There aren’t very many “progressive” schools where I live here in the good ole Heartland, but that is sloooooowly changing.  I was very happy to find that there are several Montessori training centers right here.  I’m not only looking into adding a Montessori certification to my credentials, but I’ve been interviewing with a couple schools for assistant positions (all Montessori teachers have to start out as assistants).  I’m really excited about the potential for working within a school environment that is harmonious with my beliefs about education and child development.  Keep your fingers crossed.  Good things are happening.  Now I have the challenge of being patient, waiting for others’ decisions and seeing what opportunities pan out.

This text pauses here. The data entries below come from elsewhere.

lemma plane_inter_coords_inj:
  assumes ij: "i < 4" "j < 4" "a i * b j - a j * b i \<noteq> 0"
    and mn: "{..<4} - {i, j} = {m, n}"
    and y: "y \<in> plane a \<inter> plane b" "y m = 0" "y n = 0"
  shows "y = (\<lambda>_. 0)"
proof -
  have "i \<noteq> j"
    using ij(3) by auto
  have outside: "y c = 0" if "c \<notin> {i, j}" for c
    using that y mn by (cases "c < 4") (auto simp: plane_def V4_def)
  have pair_ij: "pair4 f y = f i * y i + f j * y j" for f
  proof -
    have "pair4 f y = (\<Sum>c\<in>{i, j}. f c * y c)"
      unfolding pair4_def using ij(1,2) outside by (intro sum.mono_neutral_right) auto
    with \<open>i \<noteq> j\<close> show ?thesis by simp
  qed
  have "a i * y i + a j * y j = 0" "b i * y i + b j * y j = 0"
    using y(1) by (simp_all add: plane_def pair_ij)
  moreover have
    "y i * (a i * b j - a j * b i) = b j * (a i * y i + a j * y j) - a j * (b i * y i + b j * y j)"
    "y j * (a i * b j - a j * b i) = a i * (b i * y i + b j * y j) - b i * (a i * y i + a j * y j)"
    by (simp_all add: algebra_simps)
  ultimately have "y i * (a i * b j - a j * b i) = 0" "y j * (a i * b j - a j * b i) = 0"
    by simp_all
  with ij(3) have "y i = 0" "y j = 0"
    by simp_all
  show ?thesis
  proof
    fix c
    show "y c = 0"
      using outside \<open>y i = 0\<close> \<open>y j = 0\<close> by (cases "c = i \<or> c = j") auto
  qed
qed

lemma is_line_spanning_points:
  assumes "is_line l"
  obtains p q where "p \<in> l" "q \<in> l" "l = {x. \<exists>\<alpha> \<beta>. x = (\<lambda>c. \<alpha> * p c + \<beta> * q c)}"
    and "\<forall>\<alpha> \<beta>. (\<forall>c. \<alpha> * p c + \<beta> * q c = 0) \<longrightarrow> \<alpha> = 0 \<and> \<beta> = 0"
proof -
  obtain p q where indep: "\<forall>\<alpha> \<beta>. (\<forall>c. \<alpha> * p c + \<beta> * q c = 0) \<longrightarrow> \<alpha> = 0 \<and> \<beta> = 0"
    and l: "l = {x. \<exists>\<alpha> \<beta>. x = (\<lambda>c. \<alpha> * p c + \<beta> * q c)}"
    using assms unfolding is_line_def by blast
  have "p = (\<lambda>c. 1 * p c + 0 * q c)" "q = (\<lambda>c. 0 * p c + 1 * q c)"
    by simp_all
  then have "p \<in> l" "q \<in> l"
    unfolding l by blast+
  with l indep show thesis
    using that by blast
qed

lemma line_eq_plane_inter:
  assumes "a \<in> V4" "b \<in> V4" "a \<noteq> (\<lambda>_. 0)" "\<not> (\<exists>c. b = (\<lambda>i. c * a i))"
    and "is_line l" "l \<subseteq> plane a" "l \<subseteq> plane b"
  shows "l = plane a \<inter> plane b"
proof
  show "l \<subseteq> plane a \<inter> plane b"
    using assms(6,7) by blast
  obtain p q where "p \<in> l" "q \<in> l"
    and l: "l = {x. \<exists>\<alpha> \<beta>. x = (\<lambda>c. \<alpha> * p c + \<beta> * q c)}"
    and indep: "\<forall>\<alpha> \<beta>. (\<forall>c. \<alpha> * p c + \<beta> * q c = 0) \<longrightarrow> \<alpha> = 0 \<and> \<beta> = 0"
    using is_line_spanning_points[OF assms(5)] .
  obtain i j where ij: "i < 4" "j < 4" "a i * b j - a j * b i \<noteq> 0"
    using nonzero_minor_if_not_proportional[OF assms(1-4)] by blast
  then have "i \<noteq> j"
    by auto
  with ij have "card ({..<4::nat} - {i, j}) = 2"
    by (subst card_Diff_subset) auto
  then obtain m n where mn: "{..<4} - {i, j} = {m, n}"
    by (auto simp: card_2_iff)
  have pq_inter: "p \<in> plane a \<inter> plane b" "q \<in> plane a \<inter> plane b"
    using \<open>p \<in> l\<close> \<open>q \<in> l\<close> assms(6,7) by blast+
  show "plane a \<inter> plane b \<subseteq> l"
  proof
    fix x assume "x \<in> plane a \<inter> plane b"
    from two_coordinates_span[OF plane_inter_closed plane_inter_coords_inj[OF ij mn]
        pq_inter this indep]
    have "\<exists>\<alpha> \<beta>. x = (\<lambda>c. \<alpha> * p c + \<beta> * q c)" .
    then show "x \<in> l"
      by (simp add: l)
  qed
qed
lemma spaced_triple_duplicate_after_isolated:
  assumes "p \<in> P" "\<And>i. i \<in> P \<Longrightarrow> Suc i \<noteq> p" "Suc p \<notin> P"
    and "spaced_triple (duplicate_after P p)"
  shows "spaced_triple P"
proof (rule spaced_triple_image[where g = "\<lambda>i. if i \<le> p then i else i - 1"])
  show "spaced_triple (duplicate_after P p)" by fact
  show "(\<lambda>i. if i \<le> p then i else i - 1) ` duplicate_after P p \<subseteq> P"
    using assms(1) by (auto simp: duplicate_after_def)
next
  fix i j
  assume "i \<in> duplicate_after P p" "j \<in> duplicate_after P p" "i + 2 \<le> j"
  moreover have "j \<noteq> Suc (Suc p)"
    using \<open>j \<in> duplicate_after P p\<close> assms(3) by (auto simp: duplicate_after_def)
  moreover have "i \<noteq> p - 1 \<or> p = 0"
    using \<open>i \<in> duplicate_after P p\<close> assms(2) by (cases p) (auto simp: duplicate_after_def)
  ultimately show "(if i \<le> p then i else i - 1) + 2 \<le> (if j \<le> p then j else j - 1)"
    by auto
qed

lemma not_spaced_triple_if_subset_interval:
  assumes "P \<subseteq> {a..a + 3}"
  shows "\<not> spaced_triple P"
proof
  assume "spaced_triple P"
  then obtain i j l where "i \<in> P" "l \<in> P" "i + 2 \<le> j" "j + 2 \<le> l"
    unfolding spaced_triple_def by blast
  with assms have "a \<le> i" "l \<le> a + 3"
    by auto
  with \<open>i + 2 \<le> j\<close> \<open>j + 2 \<le> l\<close> show False
    by linarith
qed

lemma not_spaced_triple_duplicate_after_short:
  "P \<subseteq> {a..a + 2} \<Longrightarrow> \<not> spaced_triple (duplicate_after P a)"
  by (rule not_spaced_triple_if_subset_interval[of _ a]) (auto simp: duplicate_after_def)

lemma two_dominoes_if_saturated:
  assumes fin: "finite P" and "P \<noteq> {}" and no_triple: "\<not> spaced_triple P"
    and saturated: "\<And>p. p \<in> P \<Longrightarrow> spaced_triple (duplicate_after P p)"
  shows "\<exists>a b. a + 2 \<le> b \<and> P = {a, Suc a, b, Suc b}"
proof -
  define a where "a = Min P"
  define m where "m = Max P"
  have a: "a \<in> P" "\<And>x. x \<in> P \<Longrightarrow> a \<le> x"
    using fin \<open>P \<noteq> {}\<close> by (auto simp: a_def)
  have m: "m \<in> P" "\<And>x. x \<in> P \<Longrightarrow> x \<le> m"
    using fin \<open>P \<noteq> {}\<close> by (auto simp: m_def)
  have "a + 3 \<le> m"
  proof (rule ccontr)
    assume "\<not> a + 3 \<le> m"
    then have "P \<subseteq> {a..a + 2}"
      using a(2) m(2) by fastforce
    then show False
      using saturated[OF a(1)] not_spaced_triple_duplicate_after_short by blast
  qed
  have "Suc a \<in> P"
  proof (rule ccontr)
    assume "Suc a \<notin> P"
    moreover have "Suc i \<noteq> a" if "i \<in> P" for i
      using a(2)[OF that] by linarith
    ultimately show False
      using spaced_triple_duplicate_after_isolated[OF a(1) _ _ saturated[OF a(1)]] no_triple
      by blast
  qed
  have "m - 1 \<in> P"
  proof (rule ccontr)
    assume "m - 1 \<notin> P"
    then have "Suc i \<noteq> m" if "i \<in> P" for i
      using that by (metis diff_Suc_1)
    moreover have "Suc m \<notin> P"
      using m(2) by fastforce
    ultimately show False
      using spaced_triple_duplicate_after_isolated[OF m(1) _ _ saturated[OF m(1)]] no_triple
      by blast
  qed
  define b where "b = m - 1"
  have b: "m = Suc b" "a + 2 \<le> b"
    using \<open>a + 3 \<le> m\<close> unfolding b_def by linarith+
  have "x \<in> {a, Suc a, b, Suc b}" if "x \<in> P" for x
  proof (rule ccontr)
    assume "x \<notin> {a, Suc a, b, Suc b}"
    then have "a + 2 \<le> x" "x + 2 \<le> m"
      using a(2)[OF that] m(2)[OF that] b(1) by auto
    then show False
      using no_triple a(1) m(1) that unfolding spaced_triple_def by blast
  qed
  moreover have "{a, Suc a, b, Suc b} \<subseteq> P"
    using a(1) m(1) \<open>Suc a \<in> P\<close> \<open>m - 1 \<in> P\<close> b(1) unfolding b_def by simp
  ultimately show ?thesis
    using b(2) by blast
qed
(* Let $h>0$ and $n\ge1$. For $(\theta_1,\dots,\theta_n)$ with $1>\theta_1>\theta_2>\cdots>\theta_n>0$ let $\Theta\in\mathbb{R}^{n\times n}$ be the matrix with entries $\Theta_{ii}=\frac{1}{4h}\cot(\pi\theta_i)$ and, for $i\neq j$, $\Theta_{ij}=\frac{1}{4h}\left(\cot\left(\pi\frac{\theta_i+\theta_j}{2}\right)-\cot\left(\pi\frac{\theta_i-\theta_j}{2}\right)\right)$. Then there exists $(\theta_1,\dots,\theta_n)\in(0,1)^n$ with $1>\theta_1>\theta_2>\cdots>\theta_n>0$ for which $\Theta$ is singular. *)

theory Defs
  imports "HOL-Analysis.Analysis" "Jordan_Normal_Form.Determinant"
begin

text \<open>The matrix Theta (indices 0..n-1 correspond to 1..n in the paper).\<close>
definition Theta_mat :: "real \<Rightarrow> nat \<Rightarrow> (nat \<Rightarrow> real) \<Rightarrow> real mat" where
  "Theta_mat h n \<theta> = mat n n (\<lambda>(i, j).
     if i = j then (1 / (4 * h)) * cot (pi * \<theta> i)
     else (1 / (4 * h)) * (cot (pi * (\<theta> i + \<theta> j) / 2) - cot (pi * (\<theta> i - \<theta> j) / 2)))"

end

theory Submission imports Defs begin

text \<open>
  Take the equally spaced angles \<open>\<theta>\<^sub>i = (2n - 2i + 1)/(2n)\<close>, \<open>i = 1, \<dots>, n\<close>. Then every entry of \<open>\<Theta>\<close>
  has the form \<open>(c(2n + 1 - i - j) - c(j - i))/(4h)\<close> with \<open>c k = cot (k\<pi>/(2n))\<close>, also on the
  diagonal since \<open>c 0 = 0\<close>. The function \<open>c\<close> is odd and \<open>2n\<close>-periodic, so its sum over any
  \<open>2n\<close> consecutive integers vanishes; splitting such a window in two halves shows that every
  column of \<open>\<Theta>\<close> sums to zero. Hence the all-ones vector lies in the kernel of \<open>\<Theta>\<^sup>T\<close>.
\<close>

lemma sum_period_shift_invariant:
  fixes f :: "int \<Rightarrow> 'a::ab_group_add"
  assumes periodic: "\<And>k. f (k + int p) = f k"
  shows "(\<Sum>i<p. f (a + int i)) = (\<Sum>i<p. f (b + int i))"
proof -
  have step: "(\<Sum>i<p. f (c + 1 + int i)) = (\<Sum>i<p. f (c + int i))" for c
  proof -
    have "(\<Sum>i<p. f (c + 1 + int i)) - (\<Sum>i<p. f (c + int i))
          = (\<Sum>i<p. f (c + int (Suc i)) - f (c + int i))"
      by (simp add: sum_subtractf add_ac)
    also have "\<dots> = f (c + int p) - f c"
      using sum_lessThan_telescope[of "\<lambda>m. f (c + int m)" p] by simp
    finally show ?thesis
      using periodic[of c] by simp
  qed
  have "(\<Sum>i<p. f (c + int i)) = (\<Sum>i<p. f (int i))" for c
  proof (induction c rule: int_induct[where k = 0])
    case (step1 c)
    then show ?case using step[of c] by simp
  next
    case (step2 c)
    then show ?case using step[of "c - 1"] by simp
  qed simp
  then show ?thesis by metis
qed

lemma sum_period_odd_periodic_eq_0:
  fixes f :: "int \<Rightarrow> 'a::real_vector"
  assumes periodic: "\<And>k. f (k + int p) = f k"
    and odd: "\<And>k. f (- k) = - f k"
  shows "(\<Sum>i<p. f (a + int i)) = 0"
proof -
  have "(\<Sum>i<p. f (a + int i)) = (\<Sum>i<p. f (a + int (p - Suc i)))"
    by (rule sum.nat_diff_reindex[symmetric])
  also have "\<dots> = (\<Sum>i<p. - f (1 - a + int i))"
  proof (rule sum.cong[OF refl])
    fix i assume "i \<in> {..<p}"
    then have "a + int (p - Suc i) = - (1 - a - int p + int i)"
      by simp
    then have "f (a + int (p - Suc i)) = - f (1 - a - int p + int i)"
      using odd by metis
    also have "\<dots> = - f (1 - a + int i)"
      using periodic[of "1 - a - int p + int i"] by (simp add: algebra_simps)
    finally show "f (a + int (p - Suc i)) = - f (1 - a + int i)" .
  qed
  also have "\<dots> = - (\<Sum>i<p. f (a + int i))"
    using sum_period_shift_invariant[of f p "1 - a" a, OF periodic] by (simp add: sum_negf)
  finally have "(2::real) *\<^sub>R (\<Sum>i<p. f (a + int i)) = 0"
    by (simp add: scaleR_2 eq_neg_iff_add_eq_0)
  then show ?thesis
    by simp
qed

text \<open>Splitting the window \<open>j - n + 1, \<dots>, j + n\<close> of length \<open>2n\<close> at \<open>j\<close>.\<close>

lemma sum_half_period_odd_periodic_reflect:
  fixes f :: "int \<Rightarrow> 'a::real_vector"
  assumes periodic: "\<And>k. f (k + 2 * int n) = f k"
    and odd: "\<And>k. f (- k) = - f k"
  shows "(\<Sum>i<n. f (2 * int n - 1 - j - int i)) = (\<Sum>i<n. f (j - int i))"
proof -
  let ?g = "\<lambda>i. f (j - int n + 1 + int i)"
  have "0 = (\<Sum>i<2 * n. ?g i)"
    using sum_period_odd_periodic_eq_0[of f "2 * n"] periodic odd by simp
  also have "\<dots> = (\<Sum>i<n. ?g i) + (\<Sum>i<n. ?g (i + n))"
    using sum.atLeastLessThan_concat[of 0 n "n + n" ?g] sum.shift_bounds_nat_ivl[of ?g 0 n n]
    by (simp add: lessThan_atLeast0 mult_2)
  also have "(\<Sum>i<n. ?g i) = (\<Sum>i<n. ?g (n - Suc i))"
    by (rule sum.nat_diff_reindex[symmetric])
  also have "\<dots> = (\<Sum>i<n. f (j - int i))"
    by (intro sum.cong) auto
  also have "(\<Sum>i<n. ?g (i + n)) = (\<Sum>i<n. - f (2 * int n - 1 - j - int i))"
  proof (rule sum.cong[OF refl])
    fix i
    have eq: "j - int n + 1 + int (i + n) = - (2 * int n - 1 - j - int i) + 2 * int n"
      by simp
    show "?g (i + n) = - f (2 * int n - 1 - j - int i)"
      by (simp only: eq periodic odd)
  qed
  finally show ?thesis
    by (simp add: sum_negf)
qed

lemma cot_int_multiple_periodic:
  "cot (of_int (k + 2 * int n) * pi / (2 * real n)) = cot (of_int k * pi / (2 * real n))"
proof (cases "n = 0")
  case False
  then have "of_int (k + 2 * int n) * pi / (2 * real n) = of_int k * pi / (2 * real n) + pi"
    by (simp add: field_simps)
  then show ?thesis
    by (simp add: cot_def)
qed simp

lemma sum_cot_half_period_reflect:
  "(\<Sum>i<n. cot (of_int (2 * int n - 1 - j - int i) * pi / (2 * real n)))
     = (\<Sum>i<n. cot (of_int (j - int i) * pi / (2 * real n)))"
  by (rule sum_half_period_odd_periodic_reflect)
     (rule cot_int_multiple_periodic, simp add: cot_def)

definition equispaced_angles :: "nat \<Rightarrow> nat \<Rightarrow> real" where
  "equispaced_angles n i = of_int (2 * int n - 2 * int i - 1) / (2 * real n)"

lemma equispaced_angles_bounds:
  assumes "i < n"
  shows "0 < equispaced_angles n i" "equispaced_angles n i < 1"
  using assms by (simp_all add: equispaced_angles_def field_simps)

lemma equispaced_angles_strict_antimono:
  assumes "i < j" "j < n"
  shows "equispaced_angles n j < equispaced_angles n i"
  using assms by (simp add: equispaced_angles_def divide_strict_right_mono)

text \<open>On the diagonal the second cotangent is \<open>cot 0\<close>, which is \<open>0\<close> in HOL (\<open>cos 0 / sin 0\<close> with \<open>x / 0 = 0\<close>).\<close>

lemma Theta_mat_equispaced_angles_entry:
  assumes "i < n" "j < n"
  shows "Theta_mat h n (equispaced_angles n) $$ (i, j) =
    1 / (4 * h) * (cot (of_int (2 * int n - 1 - int j - int i) * pi / (2 * real n))
                   - cot (of_int (int j - int i) * pi / (2 * real n)))"
proof -
  have entry: "Theta_mat h n (equispaced_angles n) $$ (i, j) =
    (if i = j then 1 / (4 * h) * cot (pi * equispaced_angles n i)
     else 1 / (4 * h) * (cot (pi * (equispaced_angles n i + equispaced_angles n j) / 2)
                         - cot (pi * (equispaced_angles n i - equispaced_angles n j) / 2)))"
    using assms by (simp add: Theta_mat_def)
  have sum_arg: "pi * (equispaced_angles n i + equispaced_angles n j) / 2
          = of_int (2 * int n - 1 - int j - int i) * pi / (2 * real n)"
   and diff_arg: "pi * (equispaced_angles n i - equispaced_angles n j) / 2
          = of_int (int j - int i) * pi / (2 * real n)"
   and diag_arg: "pi * equispaced_angles n i = of_int (2 * int n - 1 - int i - int i) * pi / (2 * real n)"
    using assms by (simp_all add: equispaced_angles_def field_simps)
  show ?thesis
  proof (cases "i = j")
    case True
    show ?thesis
      unfolding entry if_P[OF True] diag_arg using True by simp
  next
    case False
    show ?thesis
      unfolding entry if_not_P[OF False] sum_arg diff_arg ..
  qed
qed

lemma Theta_mat_equispaced_angles_column_sum:
  assumes "j < n"
  shows "(\<Sum>i<n. Theta_mat h n (equispaced_angles n) $$ (i, j)) = 0"
proof -
  have "(\<Sum>i<n. Theta_mat h n (equispaced_angles n) $$ (i, j)) =
    (\<Sum>i<n. 1 / (4 * h) * (cot (of_int (2 * int n - 1 - int j - int i) * pi / (2 * real n))
                            - cot (of_int (int j - int i) * pi / (2 * real n))))"
    using assms by (intro sum.cong) (simp_all add: Theta_mat_equispaced_angles_entry)
  also have "\<dots> = 1 / (4 * h) *
    ((\<Sum>i<n. cot (of_int (2 * int n - 1 - int j - int i) * pi / (2 * real n)))
     - (\<Sum>i<n. cot (of_int (int j - int i) * pi / (2 * real n))))"
    by (simp only: sum_subtractf flip: sum_distrib_left)
  finally show ?thesis
    by (simp only: sum_cot_half_period_reflect) simp
qed

lemma det_eq_0_if_column_sums_eq_0:
  fixes A :: "'a::idom mat"
  assumes A: "A \<in> carrier_mat n n" and "n \<ge> 1"
    and column_sums: "\<And>j. j < n \<Longrightarrow> (\<Sum>i<n. A $$ (i, j)) = 0"
  shows "det A = 0"
proof -
  let ?ones = "vec n (\<lambda>_. 1) :: 'a vec"
  have "transpose_mat A *\<^sub>v ?ones = 0\<^sub>v n"
    using A column_sums by (intro eq_vecI) (auto simp: scalar_prod_def lessThan_atLeast0)
  moreover have "?ones \<noteq> 0\<^sub>v n"
    using \<open>n \<ge> 1\<close> by (metis index_vec index_zero_vec(1) less_one one_neq_zero order_less_le_trans)
  ultimately have "\<exists>v. v \<in> carrier_vec n \<and> v \<noteq> 0\<^sub>v n \<and> transpose_mat A *\<^sub>v v = 0\<^sub>v n"
    by (intro exI[of _ ?ones]) simp
  then have "det (transpose_mat A) = 0"
    using det_0_iff_vec_prod_zero[of "transpose_mat A" n] A by simp
  then show ?thesis
    by (simp add: det_transpose[OF A])
qed

theorem proposition5p4:
  fixes h :: real and n :: nat
  assumes "h > 0" and "n \<ge> 1"
  shows "\<exists>\<theta> :: nat \<Rightarrow> real.
           (\<forall>i<n. 0 < \<theta> i \<and> \<theta> i < 1) \<and>
           (\<forall>i j. i < j \<and> j < n \<longrightarrow> \<theta> j < \<theta> i) \<and>
           det (Theta_mat h n \<theta>) = 0"
proof (intro exI conjI)
  show "\<forall>i<n. 0 < equispaced_angles n i \<and> equispaced_angles n i < 1"
    using equispaced_angles_bounds by blast
  show "\<forall>i j. i < j \<and> j < n \<longrightarrow> equispaced_angles n j < equispaced_angles n i"
    using equispaced_angles_strict_antimono by blast
  show "det (Theta_mat h n (equispaced_angles n)) = 0"
    using Theta_mat_equispaced_angles_column_sum \<open>n \<ge> 1\<close>
    by (intro det_eq_0_if_column_sums_eq_0[where n = n]) (auto simp: Theta_mat_def)
qed

end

On other fronts, I’ve been spending a lot of time considering my new passion for natural dyeing and how to better integrate it with other aspects of my life that are similar—native gardening, sustainability, simplicity… I find myself wanting to more fully settle into these practices and flesh them out not only individually, but also to suss out how they can work together.  I’ve recently been inspired by the projects of others who are working to be more sustainable in their use of fiber and textiles—right down to the clothes they wear and what they’ll use for crafting.  I’ve got a lot incubating in my head about that.  I’ve also been following my usually dip into wintertime introspection and examining how I am living out my beliefs in my daily life.  There’s been more sussing out on a spiritual level about the connection between soulwork, physicality, and how one can be an atheist and a pagan-daoist-stoic all at the same time.  I finally made peace with the fact that I’ve known for decades what my path is, I just had to accept that it doesn’t have words, titles, labels, or names.  It is not tidy, but it is real, and my goal now is to find a voice for what I do, so that it can be outside my head, too.  Talking about things like ‘Transitional Winds’ is a start.   I’m thinking ahead to what the New Year is going to bring with an optimism that I haven’t felt in a while.  I feel firmly in my skin and happy to encounter new adventures.